Open choksi81 opened 10 years ago
Testing with "flapping private IP": My node is connected to a NAT forwarder when the interface goes down for 7 seconds. 127.0.0.1 is the new perceived node IP; looking up Afffix-enable doesn't succeed (obviously). When the interface comes back up, the old private IP is restored. Retrying to contact the NAT forwarder results in "Error: There is a duplicate connection which conflicts with the request!" -- seemingly, the old socket to the forwarder was never closed when the node IP changed, and we retry with the same source port number (cf. #1397). This error turns up multiple times as nmmain keeps retrying until it gives up. At the same time, since the old socket is still there, the connection to the NAT forwarder appears to never have gone down! The NAT forwarder didn't notice either: It received no FINs or RSTs, and the node was only shortly disconnected from the network so the forwarder's TCP stack didn't time out either. Consequently, I can still seash into the node once it is up again regardless of the fact that no new (post-flap) connection to the NAT forwarder could be established. Unless we code up a mobility affix that takes care of such situations, my proposal is to treat any change in IP address as a fatal, unrecoverable discontinuity to all current connections, which as a consequence must be torn down and set up anew. This causes chatter in the case of very frequent flapping (which I would consider unlikely, even given the connectivity patterns I exhibit), but makes the additional required logic stateless and thus rather simple.

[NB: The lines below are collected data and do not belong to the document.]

(* Let $\Lambda\subset\mathbb{R}^2$ be a lattice invariant under $\mathrm{diag}(e^a,e^{-a})$ for some $a\neq0$ (so that $\Gamma=\Lambda\rtimes a\mathbb{Z}$ is a lattice in $\mathsf{Solv}$), and let $\Lambda'=\{\underline{\mu}\in\mathbb{R}^2:\underline{\mu}\cdot m\in2\pi\mathbb{Z}\ \forall m\in\Lambda\}$ be its dual lattice. For $\underline{\mu}=(\mu,\mu')\in\Lambda'\setminus\{0\}$ consider the operator $\Delta_{\underline{\mu}}f=-f_{zz}+(\mu^2e^{-2z}+(\mu')^2e^{2z})f$ on $L^2(\mathbb{R})$. Then the first eigenvalue of $\Delta_{\underline{\mu}}$ is at least $2|\mu\mu'|$, and $2|\mu\mu'|\neq0$.
   Context: $\mathsf{Solv}$ is $\mathbb{R}^2\rtimes\mathbb{R}$ with $z\in\mathbb{R}$ acting on $\mathbb{R}^2$ by $\mathrm{diag}(e^z,e^{-z})$, with left-invariant metric $e^{2z}dx^2+e^{-2z}dy^2+dz^2$. The operators $\Delta_{\underline{\mu}}$ are the Fourier components of the Laplacian on functions on $\Gamma\backslash\mathsf{Solv}$ with respect to the $\mathbb{R}^2$-directions. *)

theory Defs
  imports "HOL-Analysis.Analysis"
begin

definition is_lattice :: "(real \<times> real) set \<Rightarrow> bool" where
  "is_lattice L \<longleftrightarrow> (\<exists>v w. fst v * snd w - snd v * fst w \<noteq> 0 \<and>
      L = {(of_int m * fst v + of_int n * fst w, of_int m * snd v + of_int n * snd w) | m n :: int. True})"

definition diag_exp :: "real \<Rightarrow> real \<times> real \<Rightarrow> real \<times> real" where
  "diag_exp a p = (exp a * fst p, exp (- a) * snd p)"

definition dual_lattice :: "(real \<times> real) set \<Rightarrow> (real \<times> real) set" where
  "dual_lattice L = {u. \<forall>m\<in>L. \<exists>k::int. fst u * fst m + snd u * snd m = 2 * pi * of_int k}"

definition solv_potential :: "real \<Rightarrow> real \<Rightarrow> real \<Rightarrow> real" where
  "solv_potential \<mu> \<mu>' z = \<mu>\<^sup>2 * exp (- 2 * z) + \<mu>'\<^sup>2 * exp (2 * z)"

definition is_eigenpair :: "real \<Rightarrow> real \<Rightarrow> real \<Rightarrow> (real \<Rightarrow> complex) \<Rightarrow> bool" where
  "is_eigenpair \<mu> \<mu>' lam f \<longleftrightarrow>
     (\<exists>z. f z \<noteq> 0) \<and>
     f \<in> borel_measurable lborel \<and>
     integrable lborel (\<lambda>z. (cmod (f z))\<^sup>2) \<and>
     (\<exists>f'. \<forall>z. (f has_vector_derivative f' z) (at z) \<and>
        (f' has_vector_derivative (complex_of_real (solv_potential \<mu> \<mu>' z - lam) * f z)) (at z))"

end

(*
  If lam were at most the potential V everywhere, an eigenfunction f would satisfy
  (|f|^2)'' = 2 |f'|^2 + 2 (V - lam) |f|^2 >= 0, so |f|^2 would be convex; but a convex
  integrable function on the real line is nowhere positive.  Hence every eigenvalue exceeds
  some value of V, and V >= 2 |mu mu'| by AM-GM.

  For the nonvanishing of mu mu': if mu = 0, pair (0, mu') with the lattice vectors
  diag(e^(n|a|), e^(-n|a|)) m.  The values e^(-n|a|) mu' m_2 lie in 2 pi Z and tend to 0,
  so they eventually vanish, forcing mu' = 0 once m_2 <> 0.  The case mu' = 0 is symmetric.
*)
theory Submission
  imports Defs
begin

lemma integrable_lower_bound_on_long_intervals_nonpos:
  fixes g :: "real \<Rightarrow> real"
  assumes g: "integrable lborel g"
    and long: "\<And>T. \<exists>a. \<forall>x\<in>{a..a + T}. c \<le> g x"
  shows "c \<le> 0"
proof (rule ccontr)
  assume "\<not> c \<le> 0"
  define T where "T = (\<integral>x. \<bar>g x\<bar> \<partial>lborel) / c + 1"
  obtain a where a: "\<And>x. x \<in> {a..a + T} \<Longrightarrow> c \<le> g x"
    using long by blast
  have "0 \<le> (\<integral>x. \<bar>g x\<bar> \<partial>lborel)"
    by (simp add: integral_nonneg)
  then have "T > 0"
    using \<open>\<not> c \<le> 0\<close> by (simp add: T_def add_nonneg_pos)
  have "c * T = (\<integral>x. c * indicator {a..a + T} x \<partial>lborel)"
    using \<open>T > 0\<close> by simp
  also have "\<dots> \<le> (\<integral>x. \<bar>g x\<bar> \<partial>lborel)"
  proof (rule integral_mono)
    show "integrable lborel (\<lambda>x. c * indicator {a..a + T} x)"
      using \<open>T > 0\<close> by (intro integrable_mult_right) (simp add: integrable_indicator_iff)
    show "integrable lborel (\<lambda>x. \<bar>g x\<bar>)"
      using g by simp
    show "c * indicator {a..a + T} x \<le> \<bar>g x\<bar>" for x
      using a[of x] \<open>\<not> c \<le> 0\<close> by (auto simp: indicator_def)
  qed
  finally show False
    using \<open>\<not> c \<le> 0\<close> by (simp add: T_def distrib_left)
qed

lemma integrable_convex_nonpos:
  fixes g g' :: "real \<Rightarrow> real"
  assumes g: "integrable lborel g"
    and deriv: "\<And>z. (g has_real_derivative g' z) (at z)"
    and mono: "mono g'"
  shows "g z \<le> 0"
proof (rule integrable_lower_bound_on_long_intervals_nonpos[OF g])
  fix T
  show "\<exists>a. \<forall>x\<in>{a..a + T}. g z \<le> g x"
  proof (cases "g' z \<ge> 0")
    case True
    have "g z \<le> g x" if "z \<le> x" for x
      using True monoD[OF mono] by (intro deriv_nonneg_imp_mono[OF deriv _ that]) force
    then show ?thesis
      by (intro exI[of _ z]) auto
  next
    case False
    have "g z \<le> g x" if "x \<le> z" for x
      using False monoD[OF mono] by (intro deriv_nonpos_imp_antimono[OF deriv _ that]) force
    then show ?thesis
      by (intro exI[of _ "z - T"]) auto
  qed
qed

lemma has_real_derivative_cmod_power2:
  fixes f :: "real \<Rightarrow> complex"
  assumes "(f has_vector_derivative f') (at z)"
  shows "((\<lambda>z. (cmod (f z))\<^sup>2) has_real_derivative 2 * Re (cnj (f z) * f')) (at z)"
proof -
  have norm_sq: "(cmod w)\<^sup>2 = Re (cnj w * w)" for w
    unfolding cmod_power2 by (simp add: power2_eq_square)
  have "((\<lambda>z. Re (cnj (f z) * f z)) has_real_derivative Re (cnj (f z) * f' + cnj f' * f z)) (at z)"
    by (intro has_field_derivative_Re has_vector_derivative_mult has_vector_derivative_cnj assms)
  then show ?thesis
    by (simp add: norm_sq algebra_simps)
qed

lemma schroedinger_cmod_power2_deriv_mono:
  fixes f f' :: "real \<Rightarrow> complex" and W :: "real \<Rightarrow> real"
  assumes f': "\<And>z. (f has_vector_derivative f' z) (at z)"
    and f'': "\<And>z. (f' has_vector_derivative complex_of_real (W z) * f z) (at z)"
    and W: "\<And>z. W z \<ge> 0"
  shows "mono (\<lambda>z. 2 * Re (cnj (f z) * f' z))"
proof (rule monoI)
  have "((\<lambda>z. 2 * Re (cnj (f z) * f' z)) has_real_derivative
      2 * Re (cnj (f z) * (complex_of_real (W z) * f z) + cnj (f' z) * f' z)) (at z)" for z
    by (intro DERIV_cmult has_field_derivative_Re has_vector_derivative_mult
        has_vector_derivative_cnj f' f'')
  moreover have "Re (cnj (f z) * (complex_of_real (W z) * f z) + cnj (f' z) * f' z) =
      (cmod (f' z))\<^sup>2 + W z * (cmod (f z))\<^sup>2" for z
    unfolding cmod_power2 by (simp add: power2_eq_square algebra_simps)
  ultimately show "2 * Re (cnj (f x) * f' x) \<le> 2 * Re (cnj (f y) * f' y)" if "x \<le> y" for x y
    using W by (intro deriv_nonneg_imp_mono[OF _ _ that]) auto
qed

lemma eigenvalue_exceeds_solv_potential:
  assumes "is_eigenpair \<mu> \<mu>' lam f"
  shows "\<exists>z. solv_potential \<mu> \<mu>' z < lam"
proof (rule ccontr)
  assume "\<nexists>z. solv_potential \<mu> \<mu>' z < lam"
  then have W: "solv_potential \<mu> \<mu>' z - lam \<ge> 0" for z
    by (simp add: not_less)
  obtain z0 f' where "f z0 \<noteq> 0"
    and int: "integrable lborel (\<lambda>z. (cmod (f z))\<^sup>2)"
    and f': "\<And>z. (f has_vector_derivative f' z) (at z)"
    and f'': "\<And>z. (f' has_vector_derivative
      complex_of_real (solv_potential \<mu> \<mu>' z - lam) * f z) (at z)"
    using assms unfolding is_eigenpair_def by blast
  have "mono (\<lambda>z. 2 * Re (cnj (f z) * f' z))"
    using schroedinger_cmod_power2_deriv_mono[OF f' f'' W] .
  then have "(cmod (f z0))\<^sup>2 \<le> 0"
    using integrable_convex_nonpos[OF int has_real_derivative_cmod_power2[OF f']] by blast
  with \<open>f z0 \<noteq> 0\<close> show False
    by simp
qed

lemma solv_potential_ge: "2 * \<bar>\<mu> * \<mu>'\<bar> \<le> solv_potential \<mu> \<mu>' z"
proof -
  have "exp (- z) * exp z = 1"
    by (simp flip: exp_add)
  moreover have "exp (- 2 * z) = (exp (- z))\<^sup>2" "exp (2 * z) = (exp z)\<^sup>2"
    by (simp_all add: power2_eq_square flip: exp_add)
  ultimately have "solv_potential \<mu> \<mu>' z - 2 * \<bar>\<mu> * \<mu>'\<bar> = (\<bar>\<mu>\<bar> * exp (- z) - \<bar>\<mu>'\<bar> * exp z)\<^sup>2"
    unfolding solv_potential_def by (simp add: power2_eq_square algebra_simps abs_mult)
  then show ?thesis
    by (metis diff_ge_0_iff_ge zero_le_power2)
qed

lemma diag_exp_diag_exp: "diag_exp a (diag_exp b p) = diag_exp (a + b) p"
  by (simp add: diag_exp_def mult.assoc flip: exp_add)

lemma diag_exp_image_uminus:
  assumes "diag_exp a ` L = L"
  shows "diag_exp (- a) ` L = L"
proof -
  have "diag_exp (- a) ` diag_exp a ` L = L"
    by (simp add: image_image diag_exp_diag_exp) (simp add: diag_exp_def)
  then show ?thesis
    using assms by simp
qed

lemma diag_exp_image_nat_mult:
  assumes "diag_exp a ` L = L"
  shows "diag_exp (real n * a) ` L = L"
proof (induction n)
  case 0
  then show ?case
    by (simp add: diag_exp_def)
next
  case (Suc n)
  have "diag_exp (real (Suc n) * a) ` L = diag_exp a ` diag_exp (real n * a) ` L"
    by (simp add: image_image diag_exp_diag_exp algebra_simps)
  then show ?case
    using Suc assms by simp
qed

lemma exp_decay_in_int_multiples_eq_0:
  fixes t c d :: real
  assumes "c > 0" and "d \<noteq> 0"
    and multiple: "\<And>n::nat. \<exists>k::int. t * exp (- (real n * c)) = d * of_int k"
  shows "t = 0"
proof -
  have "exp (- (real n * c)) = exp (- c) ^ n" for n
    by (simp flip: exp_of_nat_mult)
  moreover have "(\<lambda>n. t * exp (- c) ^ n) \<longlonglongrightarrow> 0"
    using \<open>c > 0\<close> by (intro tendsto_mult_right_zero LIMSEQ_realpow_zero) auto
  ultimately have "(\<lambda>n. \<bar>t * exp (- (real n * c))\<bar>) \<longlonglongrightarrow> 0"
    by (simp add: tendsto_rabs_zero)
  then have "\<forall>\<^sub>F n in sequentially. \<bar>t * exp (- (real n * c))\<bar> < \<bar>d\<bar>"
    using \<open>d \<noteq> 0\<close> by (intro order_tendstoD(2)) auto
  then obtain n where n: "\<bar>t * exp (- (real n * c))\<bar> < \<bar>d\<bar>"
    by (auto simp: eventually_sequentially)
  obtain k :: int where k: "t * exp (- (real n * c)) = d * of_int k"
    using multiple by blast
  have "\<bar>d\<bar> * \<bar>of_int k\<bar> < \<bar>d\<bar> * 1"
    using n unfolding k by (simp add: abs_mult)
  then have "\<bar>of_int k :: real\<bar> < 1"
    using \<open>d \<noteq> 0\<close> by simp
  then have "k = 0"
    by linarith
  then show "t = 0"
    using k by simp
qed

lemma lattice_coords_nonzero:
  assumes "is_lattice L"
  shows "\<exists>m\<in>L. fst m \<noteq> 0" and "\<exists>m\<in>L. snd m \<noteq> 0"
proof -
  obtain v w where det: "fst v * snd w - snd v * fst w \<noteq> 0"
    and L: "L = {(of_int m * fst v + of_int n * fst w, of_int m * snd v + of_int n * snd w) | m n :: int. True}"
    using assms unfolding is_lattice_def by blast
  have "v \<in> L"
    unfolding L by (rule CollectI, rule exI[of _ 1], rule exI[of _ 0]) simp
  moreover have "w \<in> L"
    unfolding L by (rule CollectI, rule exI[of _ 0], rule exI[of _ 1]) simp
  moreover have "fst v \<noteq> 0 \<or> fst w \<noteq> 0" "snd v \<noteq> 0 \<or> snd w \<noteq> 0"
    using det by auto
  ultimately show "\<exists>m\<in>L. fst m \<noteq> 0" "\<exists>m\<in>L. snd m \<noteq> 0"
    by blast+
qed

lemma dual_lattice_coords_nonzero:
  assumes L: "is_lattice L" and "a \<noteq> 0" and inv: "diag_exp a ` L = L"
    and u: "u \<in> dual_lattice L" and "u \<noteq> 0"
  shows "fst u \<noteq> 0 \<and> snd u \<noteq> 0"
proof -
  have "diag_exp \<bar>a\<bar> ` L = L" "diag_exp (- \<bar>a\<bar>) ` L = L"
    using inv diag_exp_image_uminus[OF inv] by (cases "a \<ge> 0"; simp)+
  then have inv_pos: "diag_exp (real n * \<bar>a\<bar>) ` L = L"
    and inv_neg: "diag_exp (real n * - \<bar>a\<bar>) ` L = L" for n
    by (simp_all only: diag_exp_image_nat_mult)
  have pairing: "\<exists>k::int. fst u * exp b * fst m + snd u * exp (- b) * snd m = 2 * pi * of_int k"
    if "m \<in> L" and "diag_exp b ` L = L" for m b
  proof -
    have "diag_exp b m \<in> L"
      using that by blast
    then obtain k :: int where
        "fst u * fst (diag_exp b m) + snd u * snd (diag_exp b m) = 2 * pi * of_int k"
      using u unfolding dual_lattice_def by blast
    then show ?thesis
      by (auto simp: diag_exp_def mult_ac)
  qed
  have "\<bar>a\<bar> > 0"
    using \<open>a \<noteq> 0\<close> by simp
  obtain m1 m2 where "m1 \<in> L" "fst m1 \<noteq> 0" "m2 \<in> L" "snd m2 \<noteq> 0"
    using lattice_coords_nonzero[OF L] by blast
  have "fst u \<noteq> 0"
  proof
    assume "fst u = 0"
    have "snd u * snd m2 = 0"
    proof (rule exp_decay_in_int_multiples_eq_0[OF \<open>\<bar>a\<bar> > 0\<close>])
      show "\<exists>k::int. snd u * snd m2 * exp (- (real n * \<bar>a\<bar>)) = 2 * pi * of_int k" for n
        using pairing[OF \<open>m2 \<in> L\<close> inv_pos] \<open>fst u = 0\<close> by (simp add: mult_ac)
    qed simp
    with \<open>fst u = 0\<close> \<open>snd m2 \<noteq> 0\<close> \<open>u \<noteq> 0\<close> show False
      by (simp add: prod_eq_iff)
  qed
  moreover have "snd u \<noteq> 0"
  proof
    assume "snd u = 0"
    have "fst u * fst m1 = 0"
    proof (rule exp_decay_in_int_multiples_eq_0[OF \<open>\<bar>a\<bar> > 0\<close>])
      show "\<exists>k::int. fst u * fst m1 * exp (- (real n * \<bar>a\<bar>)) = 2 * pi * of_int k" for n
        using pairing[OF \<open>m1 \<in> L\<close> inv_neg] \<open>snd u = 0\<close> by (simp add: mult_ac)
    qed simp
    with \<open>snd u = 0\<close> \<open>fst m1 \<noteq> 0\<close> \<open>u \<noteq> 0\<close> show False
      by (simp add: prod_eq_iff)
  qed
  ultimately show ?thesis ..
qed

theorem lemma7:
  fixes L :: "(real \<times> real) set" and a \<mu> \<mu>' :: real
  assumes "is_lattice L"
    and "a \<noteq> 0"
    and "diag_exp a ` L = L"
    and "(\<mu>, \<mu>') \<in> dual_lattice L"
    and "(\<mu>, \<mu>') \<noteq> (0, 0)"
  shows "(\<forall>lam f. is_eigenpair \<mu> \<mu>' lam f \<longrightarrow> lam \<ge> 2 * \<bar>\<mu> * \<mu>'\<bar>) \<and> 2 * \<bar>\<mu> * \<mu>'\<bar> \<noteq> 0"
proof (intro conjI allI impI)
  fix lam f
  assume "is_eigenpair \<mu> \<mu>' lam f"
  then obtain z where "solv_potential \<mu> \<mu>' z < lam"
    using eigenvalue_exceeds_solv_potential by blast
  then show "lam \<ge> 2 * \<bar>\<mu> * \<mu>'\<bar>"
    using solv_potential_ge[of \<mu> \<mu>' z] by linarith
next
  show "2 * \<bar>\<mu> * \<mu>'\<bar> \<noteq> 0"
    using dual_lattice_coords_nonzero[OF assms(1-4)] assms(5)
    by (simp add: zero_prod_def)
qed

end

Thanks to the recently added Affix support, the Seattle nodemanager is now contactable even when the node is behind a NAT. We now must ensure that transitions between NAT and connectivity states always result in the nodemanager being contactable.
Previously (without NAT traversal), the nodemanager would detect that its public node IP either changed to a different public node IP, or connectivity was interrupted altogether. In the latter case, the nodemanager would retry repeatedly to discover when connectivity was restored. When on the other hand the IP address changed, it would stop its current advertise thread, and start a new one that would advertise the node's new address and port.
With support for NAT traversal for the nodemanager, we have a lot of additional states and transitions between states that need to be considered: Private-to-new-private, public-to-private, private-to-public, and also "flapping" (on--off--on) connectivity with no IP address changes. We might notice the lack of connectivity or change of address in parts of the Affix stack before the main nodemanager logic triggers. This makes the problem a little more difficult.
Task: For all of the scenarios (those involving Affixes and those who don't), ensure that the nodemanager remains contactable after a few (tens of) seconds of reconfiguration. Also, make sure that the old advertised values are no longer advertised, and appropriate new values start (and then continue) to be advertised.